Fundamentally, with unionization, Day knew that she and other U-M researchers could suffer a crippling disadvantage in competing with other universities in completing and publishing research. Nor could the union bargain with the university for better wages, since the money for her research came from a federal grant. Unionization, she concluded, was a Pandora’s Box.

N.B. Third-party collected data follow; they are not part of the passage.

lemma Sup_error_exponent_le:
  assumes "\<And>\<theta>. U \<theta> = ln (renyi_sum P Q \<theta>)" "R = ln N" "(\<Sum>w\<in>A. Q w) \<le> N" "N > 0"
  shows "Sup {ereal ((1 + s) / s) *
              (ereal (- U (\<rho> * (1 + s)) / (1 + s) + U \<rho>)
               + elog (1 - 2 * exp ((U (\<rho> - \<sigma> * (1 - \<rho>)) - (1 + \<sigma>) * U \<rho> + \<sigma> * R)
                                    / (1 + \<sigma>))))
             | s \<rho> \<sigma>. s > 0 \<and> \<sigma> \<ge> 0} \<le> elog (\<Sum>w\<in>-A. P w)"
  using elog_compl_mass_ge[OF assms(3,4)] by (auto simp: assms(1,2) intro!: Sup_least)

end

lemma Sup_error_exponent_reparametrised_le:
  fixes U :: "real \<Rightarrow> real"
  assumes "\<theta>0 < 1" "(1 - \<theta>0) * D + U \<theta>0 = R"
  shows "Sup {ereal ((1 + s) / s) *
              (ereal (- U (\<rho> * (1 + s)) / (1 + s) + U \<rho>)
               + elog (1 - 2 * exp ((\<rho> - \<theta>0) * D + U \<theta>0 - U \<rho>)))
             | s \<rho>. s > 0 \<and> \<theta>0 < \<rho> \<and> \<rho> < 1}
    \<le> Sup {ereal ((1 + s) / s) *
              (ereal (- U (\<rho> * (1 + s)) / (1 + s) + U \<rho>)
               + elog (1 - 2 * exp ((U (\<rho> - \<sigma> * (1 - \<rho>)) - (1 + \<sigma>) * U \<rho> + \<sigma> * R)
                                    / (1 + \<sigma>))))
             | s \<rho> \<sigma>. s > 0 \<and> \<sigma> \<ge> 0}"
proof (rule Sup_subset_mono, safe)
  fix s \<rho> :: real
  assume "s > 0" "\<theta>0 < \<rho>" "\<rho> < 1"
  define \<sigma> where "\<sigma> = (\<rho> - \<theta>0) / (1 - \<rho>)"
  have "\<sigma> \<ge> 0" "\<rho> - \<sigma> * (1 - \<rho>) = \<theta>0"
    using \<open>\<theta>0 < \<rho>\<close> \<open>\<rho> < 1\<close> by (simp_all add: \<sigma>_def)
  moreover have "(U \<theta>0 - (1 + \<sigma>) * U \<rho> + \<sigma> * R) / (1 + \<sigma>) = (\<rho> - \<theta>0) * D + U \<theta>0 - U \<rho>"
  proof -
    have "\<sigma> * (1 - \<theta>0) = (1 + \<sigma>) * (\<rho> - \<theta>0)"
      using \<open>\<rho> < 1\<close> by (simp add: \<sigma>_def field_simps)
    then have "\<sigma> * R = (1 + \<sigma>) * (\<rho> - \<theta>0) * D + \<sigma> * U \<theta>0"
      unfolding assms(2)[symmetric] by (simp add: distrib_left mult.assoc[symmetric])
    then have "U \<theta>0 - (1 + \<sigma>) * U \<rho> + \<sigma> * R = (1 + \<sigma>) * ((\<rho> - \<theta>0) * D + U \<theta>0 - U \<rho>)"
      by (simp add: algebra_simps)
    then show ?thesis using \<open>\<sigma> \<ge> 0\<close> by simp
  qed
  ultimately show "\<exists>s' \<rho>' \<sigma>'. ereal ((1 + s) / s) *
              (ereal (- U (\<rho> * (1 + s)) / (1 + s) + U \<rho>)
               + elog (1 - 2 * exp ((\<rho> - \<theta>0) * D + U \<theta>0 - U \<rho>)))
    = ereal ((1 + s') / s') *
              (ereal (- U (\<rho>' * (1 + s')) / (1 + s') + U \<rho>')
               + elog (1 - 2 * exp ((U (\<rho>' - \<sigma>' * (1 - \<rho>')) - (1 + \<sigma>') * U \<rho>' + \<sigma>' * R)
                                    / (1 + \<sigma>'))))
    \<and> s' > 0 \<and> \<sigma>' \<ge> 0"
    using \<open>s > 0\<close> by (intro exI[of _ s] exI[of _ \<rho>] exI[of _ \<sigma>]) simp
qed

definition decoded_correctly :: "('m \<Rightarrow> 'x::plus) \<Rightarrow> ('x \<times> 'z \<Rightarrow> 'm) \<Rightarrow> ('m \<times> 'x \<times> 'z) set" where
  "decoded_correctly e d = {(m, x, z). d (e m + x, z) = m}"

lemma sum_translate_fst:
  fixes g :: "'x::{group_add, finite} \<times> 'z::finite \<Rightarrow> 'a::comm_monoid_add"
  shows "(\<Sum>xz\<in>UNIV. g (a + fst xz, snd xz)) = (\<Sum>y\<in>UNIV. g y)"
  by (rule sum.reindex_bij_witness[where i = "\<lambda>y. (- a + fst y, snd y)" and j = "\<lambda>xz. (a + fst xz, snd xz)"])
    (auto simp: add.assoc[symmetric])

lemma Pjs_Wch_eq_sum_compl:
  fixes PXZ :: "'x::{ab_group_add, finite} \<times> 'z::finite \<Rightarrow> real" and PM :: "'m::finite \<Rightarrow> real"
  shows "Pjs PM (Wch PXZ) e d = (\<Sum>(m, xz)\<in>-decoded_correctly e d. PM m * PXZ xz)"
proof -
  have "Pjs PM (Wch PXZ) e d = (\<Sum>m\<in>UNIV. \<Sum>y\<in>UNIV. if d y \<noteq> m then PM m * PXZ (fst y - e m, snd y) else 0)"
    unfolding Pjs_def Wch_def by (simp add: sum_distrib_left sum.If_cases Int_def)
  also have "\<dots> = (\<Sum>m\<in>UNIV. \<Sum>xz\<in>UNIV. if d (e m + fst xz, snd xz) \<noteq> m then PM m * PXZ xz else 0)"
  proof (rule sum.cong[OF refl])
    fix m
    show "(\<Sum>y\<in>UNIV. if d y \<noteq> m then PM m * PXZ (fst y - e m, snd y) else 0)
        = (\<Sum>xz\<in>UNIV. if d (e m + fst xz, snd xz) \<noteq> m then PM m * PXZ xz else 0)"
      by (subst sum_translate_fst[symmetric, where a = "e m"]) (auto intro: sum.cong)
  qed
  also have "\<dots> = (\<Sum>(m, xz)\<in>UNIV. if (m, xz) \<notin> decoded_correctly e d then PM m * PXZ xz else 0)"
    by (simp add: decoded_correctly_def sum.cartesian_product case_prod_unfold
        flip: UNIV_Times_UNIV)
  also have "\<dots> = (\<Sum>(m, xz)\<in>-decoded_correctly e d. PM m * PXZ xz)"
    by (simp add: sum.If_cases Collect_neg_eq case_prod_unfold)
  finally show ?thesis .
qed

lemma sum_decoded_correctly:
  fixes QZ :: "'z::finite \<Rightarrow> real" and e :: "'m::finite \<Rightarrow> 'x::{group_add, finite}"
  shows "(\<Sum>(m, xz)\<in>decoded_correctly e d. QZ (snd xz)) = real CARD('x) * (\<Sum>z\<in>UNIV. QZ z)"
proof -
  have "(\<Sum>(m, xz)\<in>decoded_correctly e d. QZ (snd xz))
      = (\<Sum>(m, xz)\<in>UNIV. if (m, xz) \<in> decoded_correctly e d then QZ (snd xz) else 0)"
    by (simp add: sum.If_cases case_prod_unfold)
  also have "\<dots> = (\<Sum>m\<in>UNIV. \<Sum>xz\<in>UNIV. if d (e m + fst xz, snd xz) = m then QZ (snd xz) else 0)"
    by (simp add: decoded_correctly_def sum.cartesian_product case_prod_unfold
        flip: UNIV_Times_UNIV)
  also have "\<dots> = (\<Sum>m\<in>UNIV. \<Sum>y\<in>UNIV. if d y = m then QZ (snd y) else 0)"
  proof (rule sum.cong[OF refl])
    fix m
    show "(\<Sum>xz\<in>UNIV. if d (e m + fst xz, snd xz) = m then QZ (snd xz) else 0)
        = (\<Sum>y\<in>UNIV. if d y = m then QZ (snd y) else 0)"
      by (subst sum_translate_fst[symmetric, where a = "e m"]) (auto intro: sum.cong)
  qed
  also have "\<dots> = (\<Sum>y::'x \<times> 'z\<in>UNIV. QZ (snd y))"
    by (subst sum.swap) (simp add: eq_commute[of "d _"])
  also have "\<dots> = (\<Sum>x::'x\<in>UNIV. \<Sum>z\<in>UNIV. QZ z)"
    by (simp only: sum.cartesian_product UNIV_Times_UNIV) (simp add: case_prod_beta)
  finally show ?thesis by simp
qed

text \<open>Since \<open>0 powr a = 0\<close>, summing over the support (as \<open>Ufun\<close> does) or over everything
  makes no difference.\<close>

lemma Ufun_eq_ln_renyi_sum:
  fixes PXZ :: "'x::finite \<times> 'z::finite \<Rightarrow> real" and PM :: "'m::finite \<Rightarrow> real"
  assumes PM_nonneg: "\<And>m. PM m \<ge> 0" and PXZ_nonneg: "\<And>xz. PXZ xz \<ge> 0" and "\<And>z. QZ z \<ge> 0"
    and "PM m0 > 0" "PXZ xz0 > 0" "QZ (snd xz0) > 0"
  shows "Ufun PM PXZ QZ \<theta> = ln (renyi_sum (\<lambda>(m, xz). PM m * PXZ xz) (\<lambda>(m, xz). QZ (snd xz)) \<theta>)"
proof -
  define SM SXZ where "SM = (\<Sum>m\<in>UNIV. PM m powr (1 - \<theta>))"
    and "SXZ = (\<Sum>xz\<in>UNIV. PXZ xz powr (1 - \<theta>) * QZ (snd xz) powr \<theta>)"
  have "(\<Sum>m\<in>{m. PM m > 0}. PM m powr (1 - \<theta>)) = SM"
    unfolding SM_def by (rule sum.mono_neutral_left) (use PM_nonneg in \<open>auto simp: not_less order.antisym\<close>)
  moreover have "(\<Sum>xz\<in>{xz. PXZ xz > 0}. PXZ xz powr (1 - \<theta>) * QZ (snd xz) powr \<theta>) = SXZ"
    unfolding SXZ_def by (rule sum.mono_neutral_left) (use PXZ_nonneg in \<open>auto simp: not_less order.antisym\<close>)
  moreover have "renyi_sum (\<lambda>(m, xz). PM m * PXZ xz) (\<lambda>(m, xz). QZ (snd xz)) \<theta> = SM * SXZ"
    unfolding renyi_sum_def SM_def SXZ_def sum_product sum.cartesian_product UNIV_Times_UNIV
    by (rule sum.cong) (auto simp: powr_mult assms)
  moreover have "SM > 0"
    unfolding SM_def using assms by (intro sum_pos2[where i = m0]) auto
  moreover have "SXZ > 0"
    unfolding SXZ_def using assms by (intro sum_pos2[where i = xz0]) auto
  ultimately show ?thesis by (simp add: Ufun_def ln_mult)
qed

theorem mainTheorem8:
  fixes PXZ :: "'x::{ab_group_add, finite} \<times> 'z::finite \<Rightarrow> real"
    and PZ QZ :: "'z \<Rightarrow> real"
    and PM :: "'m::finite \<Rightarrow> real"
    and e :: "'m \<Rightarrow> 'x" and d :: "'x \<times> 'z \<Rightarrow> 'm"
  assumes PXZ_nonneg: "\<And>xz. PXZ xz \<ge> 0" and PXZ_sum: "(\<Sum>xz\<in>UNIV. PXZ xz) = 1"
    and PZ_marg: "\<And>z. PZ z = (\<Sum>x\<in>UNIV. PXZ (x, z))"
    and PM_nonneg: "\<And>m. PM m \<ge> 0" and PM_sum: "(\<Sum>m\<in>UNIV. PM m) = 1"
    and QZ_nonneg: "\<And>z. QZ z \<ge> 0" and QZ_sum: "(\<Sum>z\<in>UNIV. QZ z) = 1"
    and QZ_pos: "\<And>z. PZ z > 0 \<Longrightarrow> QZ z > 0"
  defines "R \<equiv> ln (real CARD('x))"
    and "U \<equiv> Ufun PM PXZ QZ"
    and "P \<equiv> Pjs PM (Wch PXZ) e d"
  shows "Sup {ereal ((1 + s) / s) *
              (ereal (- U (\<rho> * (1 + s)) / (1 + s) + U \<rho>)
               + elog (1 - 2 * exp ((U (\<rho> - \<sigma> * (1 - \<rho>)) - (1 + \<sigma>) * U \<rho> + \<sigma> * R)
                                    / (1 + \<sigma>))))
             | s \<rho> \<sigma>. s > 0 \<and> \<sigma> \<ge> 0} \<le> elog P
      \<and> (\<forall>\<theta>0. \<theta>0 < 1 \<and> (1 - \<theta>0) * deriv U \<theta>0 + U \<theta>0 = R \<longrightarrow>
         Sup {ereal ((1 + s) / s) *
              (ereal (- U (\<rho> * (1 + s)) / (1 + s) + U \<rho>)
               + elog (1 - 2 * exp ((\<rho> - \<theta>0) * deriv U \<theta>0 + U \<theta>0 - U \<rho>)))
             | s \<rho>. s > 0 \<and> \<theta>0 < \<rho> \<and> \<rho> < 1} \<le> elog P)"
proof -
  have QZ_snd_pos: "QZ (snd xz) > 0" if "PXZ xz > 0" for xz
    using QZ_pos PXZ_nonneg that unfolding PZ_marg
    by (metis prod.collapse sum_pos2 finite UNIV_I)
  obtain m0 xz0 where "PM m0 > 0" "PXZ xz0 > 0"
    using PM_sum PXZ_sum PM_nonneg PXZ_nonneg
    by (metis less_eq_real_def sum_nonneg_eq_0_iff finite zero_neq_one UNIV_I)
  interpret dominated_weights "\<lambda>(m, xz). PM m * PXZ xz" "\<lambda>(m, xz). QZ (snd xz)"
  proof
    show "\<exists>w. (case w of (m, xz) \<Rightarrow> PM m * PXZ xz) > 0"
      using \<open>PM m0 > 0\<close> \<open>PXZ xz0 > 0\<close> by (intro exI[of _ "(m0, xz0)"]) simp
  qed (use PM_nonneg PXZ_nonneg QZ_nonneg QZ_snd_pos in
       \<open>auto split: prod.splits, metis less_eq_real_def mult_not_zero\<close>)
  have U_eq: "U \<theta> = ln (renyi_sum (\<lambda>(m, xz). PM m * PXZ xz) (\<lambda>(m, xz). QZ (snd xz)) \<theta>)" for \<theta>
    unfolding U_def using PM_nonneg PXZ_nonneg QZ_nonneg \<open>PM m0 > 0\<close> \<open>PXZ xz0 > 0\<close>
      QZ_snd_pos[OF \<open>PXZ xz0 > 0\<close>]
    by (rule Ufun_eq_ln_renyi_sum)
  have success_mass: "(\<Sum>(m, xz)\<in>decoded_correctly e d. QZ (snd xz)) \<le> real CARD('x)"
    by (simp add: sum_decoded_correctly QZ_sum)
  have P_eq: "P = (\<Sum>(m, xz)\<in>-decoded_correctly e d. PM m * PXZ xz)"
    unfolding P_def by (rule Pjs_Wch_eq_sum_compl)
  have "real CARD('x) > 0" by simp
  note first_bound = Sup_error_exponent_le[OF U_eq R_def[THEN meta_eq_to_obj_eq] success_mass this,
      folded P_eq]
  show ?thesis
    using first_bound order.trans[OF Sup_error_exponent_reparametrised_le first_bound] by blast
qed

end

Then the other shoe dropped. In May, even as Day and other graduate students began to organize against the proposed unionization, the U-M Board of Regents voted 6-2, in a party-line vote, to support the GEO’s proposal to unionize U-M’s graduate research assistants. “I felt betrayed,” Day said later. “The Board was supposed to defend my interests as a student, and instead it abandoned them to the GEO.” Amazingly, the board had made its decision despite the impassioned objections of University President Mary Sue Coleman, who told the regents before their vote: “I do not see research assistants as our employees, but as our students. … When I was a graduate student, I did not see myself as working for the university, and I did not see my faculty mentor as my employer. Far from it.”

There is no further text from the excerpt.